Sondra Radvanovsky & Anthony Manoli at Carnegie Hall 

Purcell
When I am laid from Dido and Aeneas
Handel
Piangerò la sorte Mia from Giulio Cesare in Egitto
Duparc
Chanson triste
Extase
Au pays où se fait la guerre
Rachmaninoff
Sing not to me, beautiful maiden, Op.4/4
How fair this spot, Op.21/7
I wait for thee, Op.14/1
Liszt
Tre sonetti di Petrarca
Richard Strauss
Allerseelen, Op.10/8
Befreit, Op.39/4
Morgen! Op.27/4
Heimliche Aufforderung, Op.27/3
Verdi
In solitaria stanza
Donaudy
O del mio amato ben
Verdi
Stornello
Jake Heggie
If I Had Known [world premiere]
Giordano
La Mamma Morta from Andrea Chénier

Sondra Radvanovsky (soprano) & Anthony Manoli (piano)


3 of 5 stars

Reviewed by: Susan Stempleski

Reviewed: 16 November, 2022
Venue: Stern Auditorium, Carnegie Hall, New York City

Abandoning the conventional recital format and often speaking directly to the audience, Sondra Radvanovsky shared a poignant and deeply personal journey in this recital entitled ‘From Loss to Love’. She began by explaining how this has been a difficult year for her, and that along with triumphs like opening the Metropolitan Opera’s 2022-23 season in the company’s first ever production of Medea, she has had to deal with the death of her mother and a divorce from her husband and business manager, and that for her, music has been a way of processing these experiences. After wiping away a few tears, she launched into her musical program: a generous assortment of songs and arias.

She began on a mournful note with ‘When I am laid in earth’, followed by the equally tragic, ‘Piangerò la sorte mia’. Except for her desperate cries of ‘Remember me’ near the end, Dido’s Lament was a study in serenity with Anthony Manoli delivering an appropriately understated accompaniment. In the Handel, which she reported to be the aria she sang in the first competition she won, she displayed great operatic flair in the dramatic central section and dispatched the final coloratura runs with astonishing ease.

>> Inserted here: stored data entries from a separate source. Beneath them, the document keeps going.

(* Consider the D2EAL algorithm (without periodic reset) described in the context with horizon $T\ge1$ and $\eta_\alpha,\eta_w>0$, and fix $i\in[N]$. Assume: (Assumption 1) $\Omega_i(t)\subseteq\Omega_i(t-1)$ for all $t=1,\dots,T$; (Assumption 2) $|l(x_1,y)-l(x_2,y)|\le L_1\|x_1-x_2\|$ for all $x_1,x_2\in\mathcal A$, $y\in\mathcal Y$, for some constant $L_1\ge0$; (Assumption 3) there are nonnegative numbers $\delta_1,\dots,\delta_T$ with $\|f_{t,k}-f_{t,j}\|\le\delta_t$ for all $k,j\in[N]$, $t=1,\dots,T$. Let $\Delta_o\ge\sum_{t=1}^T\delta_t$ and $i^*\in\arg\min_{j\in[N]}L_{T,j}$. Then $$R_i^{BE}(T):=\hat L_{T,i}-L_{T,i^*}\le\frac{\eta_wT}{8}+\frac{\log d_i(0)}{\eta_w}+\frac{\eta_\alpha T}{8}+\frac{\log 2}{\eta_\alpha}+L_1\Delta_o.$$
   Context: Setup. There are $N\ge 1$ agents indexed by $i\in[N]$ and a horizon $T\ge1$. The outcome space $\mathcal Y$ and action space $\mathcal A$ are convex subsets of $\mathbb R^n$, $\|\cdot\|$ is the Euclidean norm. The loss $l:\mathcal A\times\mathcal Y\to[0,1]$ is convex in its first argument. The target sequence $y_1,\dots,y_T\in\mathcal Y$ is arbitrary. For each agent $i$ and each $t\ge1$, an "expert" supplies an arbitrary prediction $f_{t,i}\in\mathcal A$ of $y_t$ (available at time $t-1$). Agents communicate over a time-varying undirected graph; $\Omega_i(t)$ is the set of neighbours of agent $i$ at time $t$, $\Lambda_i(t):=\Omega_i(t)\cup\{i\}$ and $d_i(t):=|\Lambda_i(t)|$. D2EAL (without periodic reset). Initialize $\hat f_{0,i}=f_{1,i}$, $\hat\alpha_i(0)=\hat\alpha'_i(0)=\hat w_{ii}(0)=1$ for all $i$. For $t=0,1,\dots,T-1$, each agent $i$ computes: $\alpha_i(t)=\hat\alpha_i(t)/(\hat\alpha_i(t)+\hat\alpha'_i(t))$; individual prediction $\bar f_{t+1,i}=\alpha_i(t)f_{t+1,i}+(1-\alpha_i(t))\hat f_{t,i}$; social weights $w_{ij}(t)=\hat w_{jj}(t)/\sum_{j'\in\Lambda_i(t)}\hat w_{j'j'}(t)$ for $j\in\Lambda_i(t)$ and $w_{ij}(t)=0$ otherwise; social prediction $\hat f_{t+1,i}=\sum_{j\in\Lambda_i(t)}w_{ij}(t)\bar f_{t+1,j}$. After $y_{t+1}$ is revealed, define the losses $l_{t+1,i}=l(f_{t+1,i},y_{t+1})$, $\hat l^-_{t+1,i}=l(\hat f_{t,i},y_{t+1})$, $\bar l_{t+1,i}=l(\bar f_{t+1,i},y_{t+1})$, $\hat l_{t+1,i}=l(\hat f_{t+1,i},y_{t+1})$, and update $\hat\alpha_i(t+1)=\hat\alpha_i(t)e^{-\eta_\alpha l_{t+1,i}}$, $\hat\alpha'_i(t+1)=\hat\alpha'_i(t)e^{-\eta_\alpha \hat l^-_{t+1,i}}$, $\hat w_{ii}(t+1)=\hat w_{ii}(t)e^{-\eta_w\bar l_{t+1,i}}$. Cumulative losses: $L_{T,i}=\sum_{t=1}^T l_{t,i}$, $\hat L^-_{T,i}=\sum_{t=1}^T\hat l^-_{t,i}$, $\bar L_{T,i}=\sum_{t=1}^T\bar l_{t,i}$, $\hat L_{T,i}=\sum_{t=1}^T\hat l_{t,i}$. *)

theory Defs
  imports "HOL-Analysis.Analysis"
begin

text \<open>Agents are 0..N-1. Omega j t is the neighbour set
of agent j at time t. f t j is the expert prediction of agent j for y t.
The state at time t (t = 0,1,...) is the tuple
(alpha_hat(t), alpha_hat'(t), w_hat(t), f_hat_t) indexed by agents.\<close>

definition Lam :: "(nat \<Rightarrow> nat \<Rightarrow> nat set) \<Rightarrow> nat \<Rightarrow> nat \<Rightarrow> nat set" where
  "Lam Om j t = insert j (Om j t)"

As a tribute to her two-decade-long residence in Canada, the soprano offered three songs by Duparc. Among them the exquisitely soft-textured ‘Extase’ was most affecting. In these and Liszt’s ruminative and rhapsodic Tre Sonetti di Petrarca, she sang with full operatic richness while Manoli gracefully rendered the lushly textured, long spun melodies.

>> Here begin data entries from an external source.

section \<open>Classification\<close>

lemma reflective_symmetric_eq_divisor_semigroup:
  assumes S: "numerical_semigroup S" and R: "reflective S" and Y: "symmetric_sg S"
  defines "g \<equiv> genus S" and "m \<equiv> sg_multiplicity S"
  shows "S = divisor_semigroup g m" and "2 \<le> m" and "m dvd g - 1"
proof -
  have g: "1 \<le> g" and refl: "\<And>z. z < g \<Longrightarrow> (z \<in> S) \<noteq> (z + g \<in> S)"
    using R unfolding reflective_def g_def by auto
  have below: "x \<notin> S \<Longrightarrow> x < 2*g" for x using reflective_gaps_below[OF S R] unfolding g_def by blast
  have fin: "finite (UNIV - S)" using S unfolding numerical_semigroup_def by blast
  have F: "frobenius S = 2*g - 1" using symmetric_frobenius[OF fin _ Y] g unfolding g_def by simp
  have zero: "0 \<in> S" using S unfolding numerical_semigroup_def by blast
  have "2*g - 1 \<notin> S" using symmetric_sgD[OF Y, of 0] zero F by simp
  hence top: "g - 1 \<in> S" using refl[of "g - 1"] g by (simp add: mult_2)
  have mirror: "g - 1 - x \<in> S" if "x \<in> S" "x \<le> g - 1" for x
  proof -
    have "x + g \<notin> S" using refl[of x] that g by auto
    moreover have "2*g - 1 - (g - 1 - x) = x + g" using that g by simp
    ultimately show ?thesis using symmetric_sgD[OF Y, of "g - 1 - x"] F by auto
  qed
  have low: "x < g \<Longrightarrow> x \<in> S \<longleftrightarrow> m dvd x" for x
    using mem_iff_multiplicity_dvd_if_mirror_closed[OF S mirror, of x] unfolding m_def by simp
  show "m dvd g - 1" using low[of "g - 1"] top g by simp
  have "g \<notin> S" using refl[of 0] zero g by simp
  moreover have "0 < m" "m \<in> S" using sg_multiplicity[OF S] unfolding m_def by auto
  ultimately show "2 \<le> m" using numerical_semigroup_mult[OF S, of m g] by (cases "m = 1") auto
  show "S = divisor_semigroup g m"
  proof (rule set_eqI)
    fix x
    consider "x < g" | "g \<le> x" "x < 2*g" | "2*g \<le> x" by linarith
    thus "x \<in> S \<longleftrightarrow> x \<in> divisor_semigroup g m"
    proof cases
      case 2
      hence "x - g < g" "x - g + g = x" by auto
      thus ?thesis using 2 refl[of "x - g"] low[of "x - g"] by (auto simp: divisor_semigroup_def)
    next
      case 3
      thus ?thesis using below[of x] by (auto simp: divisor_semigroup_def)
    qed (use low in \<open>auto simp: divisor_semigroup_def\<close>)
  qed
qed

lemma reflective_symmetric_semigroups_eq:
  assumes "1 \<le> g"
  shows "{S. numerical_semigroup S \<and> genus S = g \<and> reflective S \<and> symmetric_sg S}
           = divisor_semigroup g ` {d. 2 \<le> d \<and> d dvd g - 1}"
proof (intro equalityI subsetI)
  fix S assume "S \<in> {S. numerical_semigroup S \<and> genus S = g \<and> reflective S \<and> symmetric_sg S}"
  thus "S \<in> divisor_semigroup g ` {d. 2 \<le> d \<and> d dvd g - 1}"
    using reflective_symmetric_eq_divisor_semigroup by blast
next
  fix S assume "S \<in> divisor_semigroup g ` {d. 2 \<le> d \<and> d dvd g - 1}"
  thus "S \<in> {S. numerical_semigroup S \<and> genus S = g \<and> reflective S \<and> symmetric_sg S}"
    using assms numerical_semigroup_divisor_semigroup genus_divisor_semigroup
      reflective_divisor_semigroup symmetric_divisor_semigroup by auto
qed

In between the offerings by Duparc and Liszt came songs by Rachmaninoff, which Radvanovsky dedicated to the late Dmitri Hvorostovsky, her frequent partner in operas, recitals and recordings, and who, as she told the audience, taught her the Russian for them. She brought thrillingintensity and vocal radiance to all three, but she was her most emotionally transporting and vocally resplendent in the sweetly lyrical ‘Zdes’ khorosho’ (How fair this spot), a love song about the bond between man, nature and God.

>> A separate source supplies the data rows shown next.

(* Let $m=p_1^{m_1}\cdots p_k^{m_k}$ and let $(K_n,\alpha)$ be an edge-labeled complete graph over $\mathbb{Z}/m\mathbb{Z}$ with ordered edge labels $a_1,\dots,a_{r_n}$, where each $a_s=p_1^{n_{s1}}\cdots p_k^{n_{sk}}$ with $0\le n_{sj}\le m_j$ is a positive divisor of $m$ representing a zero divisor of $\mathbb{Z}/m\mathbb{Z}$. (1) If $a_{r_n}\mid a_{r_n-1}\mid\cdots\mid a_2\mid a_1\mid m$ and $m\neq a_1$, then the set $B_m$ consisting of $(1,1,\dots,1)$ together with, for each $k=2,\dots,n$, the vector whose $v_k$-entry is $a_{r_{k-1}+1}$ and all other entries are $0$ (i.e. $(0,a_1,0,\dots,0)$, $(0,0,a_2,0,\dots,0)$, $(0,0,0,a_4,0,\dots,0)$, $\dots$, $(0,\dots,0,a_{r_{n-1}+1})$), is a minimum flow-up generating set of $[\mathbb{Z}/m\mathbb{Z}]_{(K_n,\alpha)}$; thus its rank is $n$. (2) If $a_1\mid a_2\mid\cdots\mid a_{r_n}\mid m$ and $m\ne a_{r_n}$, then the set $B_m$ consisting of $(1,1,\dots,1)$ together with, for each $k=2,\dots,n$, the vector whose entries at $v_k,v_{k+1},\dots,v_n$ equal $a_{r_n-(n-k)}$ and whose entries at $v_1,\dots,v_{k-1}$ are $0$, is a minimum flow-up generating set of $[\mathbb{Z}/m\mathbb{Z}]_{(K_n,\alpha)}$; thus its rank is $n$.
   Context: A spline on an edge-labeled graph $(G,\alpha)$ over $\mathbb{Z}/m\mathbb{Z}$ (edges labeled by nonzero ideals) is a vector $(f_{v_1},\dots,f_{v_n})\in(\mathbb{Z}/m\mathbb{Z})^n$ with $f_{v_i}-f_{v_j}\in\alpha(v_iv_j)$ for every edge; the splines form a $\mathbb{Z}$-module $[\mathbb{Z}/m\mathbb{Z}]_{(G,\alpha)}$. An $i$-th flow-up class is a spline with $f_{v_i}\ne0$ and $f_{v_t}=0$ for $t<i$. A minimum generating set is a generating set of the $\mathbb{Z}$-module of smallest possible size, this size being the rank; a minimum flow-up generating set is a minimum generating set consisting of flow-up classes. $K_n$ is the complete graph on $v_1,\dots,v_n$; $r_k=k(k-1)/2$. The edges are enumerated so that for $1\le j<k\le n$ the edge $v_jv_k$ is $e_{r_{k-1}+j}$ (so $e_1=v_1v_2$, $e_2=v_1v_3$, $e_3=v_2v_3$, $e_4=v_1v_4,\dots$). "Ordered edge labels $a_1,\dots,a_{r_n}$" means $\alpha(e_s)$ is the ideal generated by $a_s+m\mathbb{Z}$. Vectors are written $(f_{v_1},\dots,f_{v_n})$. *)

theory Defs
  imports Main "HOL-Number_Theory.Cong"
begin

text \<open>Elements of (Z/mZ)^n are represented by functions nat => int that are supported
  on the vertex indices {1..n} and take canonical representatives in {0..<m}.
  Vertex v_i corresponds to index i.\<close>

definition r :: "nat \<Rightarrow> nat" where
  "r k = k * (k - 1) div 2"

definition is_vec :: "nat \<Rightarrow> int \<Rightarrow> (nat \<Rightarrow> int) \<Rightarrow> bool" where
  "is_vec n m f \<longleftrightarrow> (\<forall>i\<in>{1..n}. 0 \<le> f i \<and> f i < m) \<and> (\<forall>i. i \<notin> {1..n} \<longrightarrow> f i = 0)"

definition vec_of :: "nat \<Rightarrow> int \<Rightarrow> (nat \<Rightarrow> int) \<Rightarrow> (nat \<Rightarrow> int)" where
  "vec_of n m h = (\<lambda>i. if i \<in> {1..n} then h i mod m else 0)"

definition in_ideal :: "int \<Rightarrow> int \<Rightarrow> int \<Rightarrow> bool" where
  "in_ideal m a x \<longleftrightarrow> (\<exists>c. [x = c * a] (mod m))"

text \<open>Splines on (K_n, alpha) with ordered edge labels a_1,...,a_{r_n}:
  the edge v_j v_k (j < k) is e_{r(k-1)+j}, labelled by the ideal generated by a (r(k-1)+j).\<close>
definition is_spline :: "nat \<Rightarrow> int \<Rightarrow> (nat \<Rightarrow> int) \<Rightarrow> (nat \<Rightarrow> int) \<Rightarrow> bool" where
  "is_spline n m a f \<longleftrightarrow> is_vec n m f \<and>
     (\<forall>j k. 1 \<le> j \<and> j < k \<and> k \<le> n \<longrightarrow> in_ideal m (a (r (k - 1) + j)) (f j - f k))"

definition splines :: "nat \<Rightarrow> int \<Rightarrow> (nat \<Rightarrow> int) \<Rightarrow> (nat \<Rightarrow> int) set" where
  "splines n m a = {f. is_spline n m a f}"

definition gen_set :: "nat \<Rightarrow> int \<Rightarrow> (nat \<Rightarrow> int) \<Rightarrow> (nat \<Rightarrow> int) set \<Rightarrow> bool" where
  "gen_set n m a S \<longleftrightarrow> finite S \<and> S \<subseteq> splines n m a \<and>
     (\<forall>f\<in>splines n m a. \<exists>c :: (nat \<Rightarrow> int) \<Rightarrow> int.
        f = vec_of n m (\<lambda>i. \<Sum>g\<in>S. c g * g i))"

definition min_gen_set :: "nat \<Rightarrow> int \<Rightarrow> (nat \<Rightarrow> int) \<Rightarrow> (nat \<Rightarrow> int) set \<Rightarrow> bool" where
  "min_gen_set n m a S \<longleftrightarrow> gen_set n m a S \<and> (\<forall>T. gen_set n m a T \<longrightarrow> card S \<le> card T)"

definition spline_rank :: "nat \<Rightarrow> int \<Rightarrow> (nat \<Rightarrow> int) \<Rightarrow> nat" where
  "spline_rank n m a = (LEAST k. \<exists>S. gen_set n m a S \<and> card S = k)"

definition flow_up :: "nat \<Rightarrow> (nat \<Rightarrow> int) \<Rightarrow> bool" where
  "flow_up i f \<longleftrightarrow> f i \<noteq> 0 \<and> (\<forall>t. 1 \<le> t \<and> t < i \<longrightarrow> f t = 0)"

definition min_flow_up_gen_set :: "nat \<Rightarrow> int \<Rightarrow> (nat \<Rightarrow> int) \<Rightarrow> (nat \<Rightarrow> int) set \<Rightarrow> bool" where
  "min_flow_up_gen_set n m a S \<longleftrightarrow> min_gen_set n m a S \<and>
     (\<forall>f\<in>S. \<exists>i\<in>{1..n}. flow_up i f)"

Following intermission came Lieder by Richard Strauss. Radvanovsky’s big dramatic soprano was exciting to hear in this repertoire which is usually taken on by singers with a more chamber like approach. Two of the songs especially – ‘Befreit’ and ‘Heimliche Aufforderung’ – were sung with fuller-voiced sound and more operatic passion than one usually hears.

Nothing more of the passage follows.